Editor’s Note: This article appeared as part of our April’s Fools issue.

Has Isla Vista’s notoriously rowdy and raucous drink-drenched choo-choo train of boozy bedlam derailed, taking with it the infamous and intoxicating cow-catcher that pushed naked people dancing onto the rooftops of this seaside den of collegiate excess?

On Wednesday, local leaders banded together to announce that, swayed by repeated News-Piss editorials, the remaining citizens of the seaside hamlet have signed a formal pledge swearing off alcoholic beverages. Helping the town onto the wagon is the Isla Vista Foot Patrol, which gave all Santa Barbara City College students until sundown to clear out.

“We have, well, I guess the way I want to say this is: We have put up with this kind of stuff for too long, and for everybody to be safe you have to leave,” IVFP Lt. Mackerel McGinnes said. “Back when I was first on the force, a rookie, we had this elephant – it had run away from a zoo – wandering around town. It, well, I guess it was a she, was wandering and somehow got a hold of beer. Well, you can see where this is going. We had to shoot it, but then I, well, we, had trouble moving it, and it was in the street for awhile. All these kids came along and kept kicking it and poking it and picking at it. So we said, ‘Stop.’ This is like that, you see; stop.”

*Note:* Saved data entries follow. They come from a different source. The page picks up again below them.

lemma walk_pairing_join:
  assumes P: "walk_pairing V E X W" and w: "w \<in> W" "w0 \<in> {w, rev w}" "hd w0 = u"
    and w2: "w2 \<in> W" "w1 \<in> {w2, rev w2}" "hd w1 = s" "w2 \<noteq> w" and "{s, u} \<in> E"
  shows "walk_pairing V E (X - {s, u}) (insert (rev w1 @ w0) (W - {w, w2}))"
    "(\<Sum>v\<in>insert (rev w1 @ w0) (W - {w, w2}). walk_length v) \<le> (\<Sum>v\<in>W. walk_length v) + 1"
    "set w \<union> set w2 \<subseteq> set (rev w1 @ w0)"
proof -
  have wE: "walk V E w" "walk V E w2" and X: "ends w \<subseteq> X" "ends w2 \<subseteq> X"
    and "hd w \<noteq> last w" "hd w2 \<noteq> last w2" and disj: "ends w \<inter> ends w2 = {}"
    using P w(1) w2 by (auto simp: walk_pairing_def disjoint_family_on_def)
  note w0 = walk_reversal[OF w(2) wE(1)] and w1 = walk_reversal[OF w2(2) wE(2)]
  have ne: "w0 \<noteq> []" "rev w1 \<noteq> []" using walk_not_Nil w0(1) w1(1) by auto
  have ends: "ends w = {u, last w0}" "ends w2 = {s, last w1}"
    using w0(4) w1(4) w(3) w2(3) by (auto simp: ends_def)
  have R: "walk_pairing V E (X - ends w - ends w2) (W - {w, w2})"
    using walk_pairing_remove[OF walk_pairing_remove[OF P w(1)], of w2] w2 by (simp add: set_diff_eq)
  have "walk V E (rev w1 @ w0)"
    using walk_append[OF walk_rev[OF w1(1)] w0(1)] w(3) w2(3) \<open>{s, u} \<in> E\<close>
    by (simp add: last_rev insert_commute)
  moreover have ends_new: "ends (rev w1 @ w0) = {last w1, last w0}"
    using ne by (simp add: ends_def hd_rev)
  moreover have "last w1 \<noteq> last w0" using disj ends by auto
  moreover have "ends (rev w1 @ w0) \<inter> (X - ends w - ends w2) = {}"
    using ends_new ends by auto
  ultimately have "walk_pairing V E (ends (rev w1 @ w0) \<union> (X - ends w - ends w2))
      (insert (rev w1 @ w0) (W - {w, w2}))"
    using ne by (intro walk_pairing_insert[OF R]) (auto simp: hd_rev)
  moreover have "ends (rev w1 @ w0) \<union> (X - ends w - ends w2) = X - {s, u}"
    using ends_new ends X disj \<open>hd w \<noteq> last w\<close> \<open>hd w2 \<noteq> last w2\<close> w0(5) w1(5) w(3) w2(3)
    by auto
  ultimately show "walk_pairing V E (X - {s, u}) (insert (rev w1 @ w0) (W - {w, w2}))"
    by simp
  have "walk_length (rev w1 @ w0) = walk_length w2 + walk_length w + 1"
    using walk_length_append[OF ne(2,1)] w0(3) w1(3) by (simp add: walk_length_def)
  moreover have "(\<Sum>v\<in>W. walk_length v) = walk_length w + walk_length w2 + (\<Sum>v\<in>W - {w, w2}. walk_length v)"
    using walk_pairing_sum_remove[OF P w(1)] walk_pairing_sum_remove[OF walk_pairing_remove[OF P w(1)], of w2] w2
    by (simp add: set_diff_eq)
  ultimately show "(\<Sum>v\<in>insert (rev w1 @ w0) (W - {w, w2}). walk_length v) \<le> (\<Sum>v\<in>W. walk_length v) + 1"
    using R by (simp add: walk_pairing_def sum.insert_if)
  show "set w \<union> set w2 \<subseteq> set (rev w1 @ w0)" using w0(2) w1(2) by auto
qed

Under the conditions of the pledge, no Isla Vistan will consume liquor, beer or wine at any place or time except the Fiesta celebration downtown.

Dink Scottov, 21, a member of UCSB’s student government, said it was about time for a change.

“Drinking in a college town, as we’ve learned, is irresponsible behavior that can only lead to a raunchy party scene and death,” Mr. Scottov said. “Fiesta, however, is an important cultural event where you just can’t help but meet mature, responsible News-Piss staffers and soak up the liquid fun poured by respectable vendors who advertise in the News-Piss.”

Mr. Scottov also cited the 656 arrests at last year’s celebration, including 24 felonies and 27 DUIs, as proof that I.V.’s out-of-control party Halloween scene is “totally over,” with only 272 arrests in 2003.

University officials are cautiously optimistic and say an alcohol-free Isla Vista would represent a positive step forward for UCSB’s academic environment by making the town less frightening to professors who live in Goleta.

But are the wild days truly over for the scum-encrusted pit of dread?

Some say times are worse than ever.

The darkness of Wednesday night disclosed a young woman tottering down Sabado Tarde Road with a bottle in her hand, her stomach bulging grotesquely. Onlookers heard the woman, whom police would later identify as 19-year-old Corky Pirthbright, shout, “Dry? I ain’t never been so hydrated in my life!” before she stumbled and fell. The cause of death? Hyponatremia – water poisoning.

Sabado Tarde is the very same street where, in 2001, David Attias hit five people with his car, killing four of them. Sabado Tarde, in turn, is a mere block away from the Pacific Ocean, where, in 1944, thousands of sailors went to their watery graves during the battle of Leyte Gulf. Ominously, that is the same Pacific Ocean on the planet Earth – the planet into which an asteroid crashed 65 million years ago and killed between 70 and 90 percent of species then living.

Other “dry” I.V. revelers lulled themselves asleep with sandwiches and juice on the edges of the mayhem, only to plummet from the precarious precipices of I.V.’s cliffs, witnesses said but police could not confirm.

In the streets, other young people scorned water and moved onto something “edgier.” Waving yellow cups and anthologies, the coffee-crazed hurdled down the streets, stopping every five minutes to urinate and savagely deconstruct 18th-century romantic literature.

Patrick Old, UCSB’s vice chancellor for student affairs, vowed to crack down with outreach programs and warm milk distribution.

“We believe, of course, that our students are responsible adults,” Mr. Old said. “It’s just that we are very concerned about those of them who have been very bad boys and girls indeed.”

However, Mr. Old refused to say whether the university would take responsibility for what some would say is a culture of caffeine induced by books and the school’s constant demands that they be read. He was also unsure if UCSB would take what observers have said is the necessary measures of implanting monitoring devices into students and irradiating Isla Vista.

“We’re looking at these things very carefully and one at a time,” Mr. Old said.